What connection did she seek with his daughter, though? She appeared drawn to the girl, and yet in close proximity she shied away, fearful. Fearful of a twelve-year-old wisp of a thing, who could never possibly have matched the strength he'd wrestled with in his apparition tonight.

So what made her so afraid?

He pondered the doll for hours into the morning. At times he believed he'd stuck himself in time again, the darkness of the night extending on long past when it should have receded. It gave him the luxury of pensive reflection. As a result, he had no idea how close it might be to sunrise when he finally resolved to move Shyla off his lap, quietly stand, and go out into the graveyard alone.

He made his way directly to Maya's ring. Without the great angelic statue it all appeared so bare—scalped, almost. Empty. No one waited for him there, no doll, no vision of his daughter. The last wisps of ground mist crept along, but he could sense them retreating, settling into dew on the grass.

"I...I think I understand it, now."

His voice fell like a solid weight in the world of quiet night-wind and slowly shifting darkness. It emphasized the abandoned silence of the cemetery; the absence of the angel who had been its motherly guardian. His own meager presence in the shadow of its wide reach.

"You're..."

He swallowed, his throat tight.

"You're her true mother, aren't you?"

When no answer came—and he hadn't expected one anyway—Conall moved from gravestone to gravestone, peering at them as if one might hold the answer, as if he hadn't worked in this graveyard for over a decade and didn't already remember each headstone by heart. As if one of them might be hers...even though none of them were.

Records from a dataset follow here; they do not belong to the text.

lemma sphere_through_extra_point:
  fixes S :: "'a::euclidean_space set"
  assumes S: "S \<subseteq> sphere C R" and h: "0 < infdist q (affine hull S)"
  obtains Cp where "insert q S \<subseteq> sphere Cp (dist Cp q)"
    and "dist C Cp = \<bar>dist q C ^ 2 - R ^ 2\<bar> / (2 * infdist q (affine hull S))"
proof -
  let ?A = "affine hull S" and ?h = "infdist q (affine hull S)"
  have "S \<noteq> {}" using h by (auto simp: infdist_def)
  then have A: "affine ?A" "closed ?A" "?A \<noteq> {}" by auto
  define a where "a = closest_point ?A q"
  define u where "u = q - a"
  have hu: "?h = norm u"
    using A by (simp add: infdist_eq_setdist setdist_closest_point a_def u_def dist_norm)
  have orth: "(s - a) \<bullet> u = 0" if "s \<in> ?A" for s
    using closest_point_affine_orthogonal[OF A(1,2) that, of q] by (simp add: a_def u_def inner_commute)
  define c where "c = (dist q C ^ 2 - R ^ 2) / (2 * ?h ^ 2)"
  define w where "w = c *\<^sub>R u"
  define Cp where "Cp = C + w"
  define rsq where "rsq = R ^ 2 - 2 * ((a - C) \<bullet> w) + norm w ^ 2"
  have shift: "dist x Cp ^ 2 = dist x C ^ 2 - 2 * ((x - C) \<bullet> w) + norm w ^ 2" for x
    by (simp add: Cp_def dist_norm power2_norm_eq_inner inner_diff_left inner_diff_right
        inner_add_right inner_commute algebra_simps)
  have "dist s Cp ^ 2 = rsq" if "s \<in> S" for s
  proof -
    have "(s - C) \<bullet> w = (s - a) \<bullet> w + (a - C) \<bullet> w" by (simp add: inner_diff_left)
    moreover have "(s - a) \<bullet> w = 0" using orth that hull_inc by (fastforce simp: w_def)
    moreover have "dist s C = R" using S that by (auto simp: dist_commute)
    ultimately show ?thesis by (simp add: shift rsq_def field_simps)
  qed
  moreover have "dist q Cp ^ 2 = rsq"
  proof -
    have "(q - C) \<bullet> w = c * ?h ^ 2 + (a - C) \<bullet> w"
      by (simp add: w_def hu u_def power2_norm_eq_inner inner_diff_left algebra_simps)
    moreover have "c * ?h ^ 2 = (dist q C ^ 2 - R ^ 2) / 2" using h by (simp add: c_def)
    ultimately show ?thesis by (simp add: shift rsq_def field_simps)
  qed
  ultimately have "dist s Cp = dist q Cp" if "s \<in> S" for s
    using that by (metis power2_eq_iff_nonneg zero_le_dist)
  then have "insert q S \<subseteq> sphere Cp (dist Cp q)" by (auto simp: dist_commute)
  moreover have "dist C Cp = \<bar>dist q C ^ 2 - R ^ 2\<bar> / (2 * ?h)"
    using h by (simp add: Cp_def w_def dist_norm c_def hu abs_mult power2_eq_square)
  ultimately show thesis by (rule that)
qed

lemma abs_dist_diff_le: "\<bar>dist x y - dist x z\<bar> \<le> dist y z"
  for x y z :: "'a::metric_space"
  using dist_triangle[of x y z] dist_triangle[of x z y] by (simp add: dist_commute abs_le_iff)

lemma sphere_recentre_bounds:
  fixes S :: "'a::euclidean_space set"
  assumes S: "S \<subseteq> sphere C R" "s \<in> S" and p: "dist p C = R"
    and h: "0 < h" "h \<le> infdist q (affine hull S)" and q: "\<bar>dist q C - R\<bar> \<le> \<eta>"
  obtains Cp Rp where "insert q S \<subseteq> sphere Cp Rp"
    and "\<bar>Rp - R\<bar> \<le> \<eta> * (2 * R + \<eta>) / (2 * h)"
    and "\<bar>dist p Cp - Rp\<bar> \<le> \<eta> * (2 * R + \<eta>) / h"
proof -
  obtain Cp where sph: "insert q S \<subseteq> sphere Cp (dist Cp q)"
    and dCp: "dist C Cp = \<bar>dist q C ^ 2 - R ^ 2\<bar> / (2 * infdist q (affine hull S))"
    using sphere_through_extra_point[OF S(1)] h by (metis order_less_le_trans)
  have R: "0 \<le> R" using p zero_le_dist by metis
  define \<rho> where "\<rho> = \<eta> * (2 * R + \<eta>) / (2 * h)"
  have "dist q C ^ 2 - R ^ 2 = (dist q C - R) * (dist q C + R)"
    by (simp add: power2_eq_square algebra_simps)
  then have "\<bar>dist q C ^ 2 - R ^ 2\<bar> = \<bar>dist q C - R\<bar> * (dist q C + R)"
    using R by (simp add: abs_mult)
  also have "\<dots> \<le> \<eta> * (2 * R + \<eta>)"
    using q R by (intro mult_mono) auto
  finally have "dist C Cp \<le> \<rho>"
    unfolding dCp \<rho>_def using h by (intro frac_le) auto
  moreover have "dist s Cp = dist Cp q" "dist s C = R" using sph S by (auto simp: dist_commute)
  ultimately have "\<bar>dist Cp q - R\<bar> \<le> \<rho>" "\<bar>dist p Cp - R\<bar> \<le> \<rho>"
    using abs_dist_diff_le[of s Cp C] abs_dist_diff_le[of p Cp C] p by (auto simp: dist_commute)
  moreover have "\<eta> * (2 * R + \<eta>) / h = 2 * \<rho>" using h by (simp add: \<rho>_def)
  ultimately show thesis
    by (intro that[OF sph]) (simp_all add: \<rho>_def[symmetric] abs_le_iff)
qed

lemma two_le_card_obtain_distinct:
  assumes "finite A" "2 \<le> card A"
  obtains a b where "a \<in> A" "b \<in> A" "a \<noteq> b"
proof -
  have "\<not> card A \<le> Suc 0" using assms(2) by simp
  then show thesis using card_le_Suc0_iff_eq[OF assms(1)] that by blast
qed

lemma pair_dists_finite: "finite S \<Longrightarrow> finite {dist p q | p q. p \<in> S \<and> q \<in> S \<and> p \<noteq> q}"
  by (rule finite_subset[of _ "(\<lambda>(p, q). dist p q) ` (S \<times> S)"]) auto

lemma dist_le_Lmax: "finite S \<Longrightarrow> p \<in> S \<Longrightarrow> q \<in> S \<Longrightarrow> p \<noteq> q \<Longrightarrow> dist p q \<le> Lmax S"
  unfolding Lmax_def by (rule Max_ge) (auto intro: pair_dists_finite)

lemma separated_le_lmin:
  assumes "separated S s" "finite S" "p \<in> S" "q \<in> S" "p \<noteq> q"
  shows "s \<le> lmin S"
  using assms unfolding lmin_def separated_def by (subst Min_ge_iff) (auto intro: pair_dists_finite)

lemma thickness_card_le_2:
  assumes "finite \<phi>" "\<phi> \<noteq> {}" "card \<phi> \<le> 2"
  shows "thickness \<phi> = 1"
proof (cases "card \<phi> = 2")
  case True
  then obtain a b where ab: "\<phi> = {a, b}" "a \<noteq> b" by (meson card_2_iff)
  have "{dist p q | p q. p \<in> \<phi> \<and> q \<in> \<phi> \<and> p \<noteq> q} = {dist a b}"
    using ab by (auto simp: dist_commute)
  then have "Lmax \<phi> = dist a b" by (simp add: Lmax_def)
  moreover have "altitude a \<phi> = dist a b" "altitude b \<phi> = dist a b"
    using ab by (auto simp: altitude_def insert_Diff_if dist_commute)
  ultimately show ?thesis using True ab by (simp add: thickness_def)
next
  case False
  moreover have "0 < card \<phi>" using assms by (simp add: card_gt_0_iff)
  ultimately have "card \<phi> = 1" using assms(3) by linarith
  then show ?thesis by (simp add: thickness_def)
qed

lemma flake_card_ge_3:
  fixes \<tau> :: "'a::euclidean_space set"
  assumes "flake \<Gamma> \<tau>" "0 \<le> \<Gamma>" "\<Gamma> \<le> 1"
  shows "3 \<le> card \<tau>"
proof (rule ccontr)
  assume "\<not> 3 \<le> card \<tau>"
  moreover have "finite \<tau>" using assms by (simp add: flake_def is_simplex_def)
  ultimately have "thickness \<phi> = 1" if "\<phi> \<subseteq> \<tau>" "\<phi> \<noteq> {}" for \<phi>
    using that card_mono[OF _ that(1)] by (intro thickness_card_le_2) (auto intro: finite_subset)
  then have "good \<Gamma> \<tau>" using assms by (simp add: good_def power_le_one)
  then show False using assms by (simp add: flake_def)
qed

"You're the one who left her here under Maya's rock," he said. He was undaunted by the silence.

Who had she really been? Shyla's mother...a peasant? A refugee? What did her ghost say to him? Ribbons and grace, movements as smooth as silk or as awkward and jaunty as a puppet on strings.

"A dancer," he breathed. Pausing at one of the headstones, he stared sightlessly at the engraved name and dates. What
would
her headstone say? What had been her name?

"Something happened to you. You wouldn't have left her here if you hadn't been afraid. You're afraid now, I can sense it. And...I think...you're afraid for her, aren't you?"

He lay fingers on the cold, uneven roughness of the tombstone.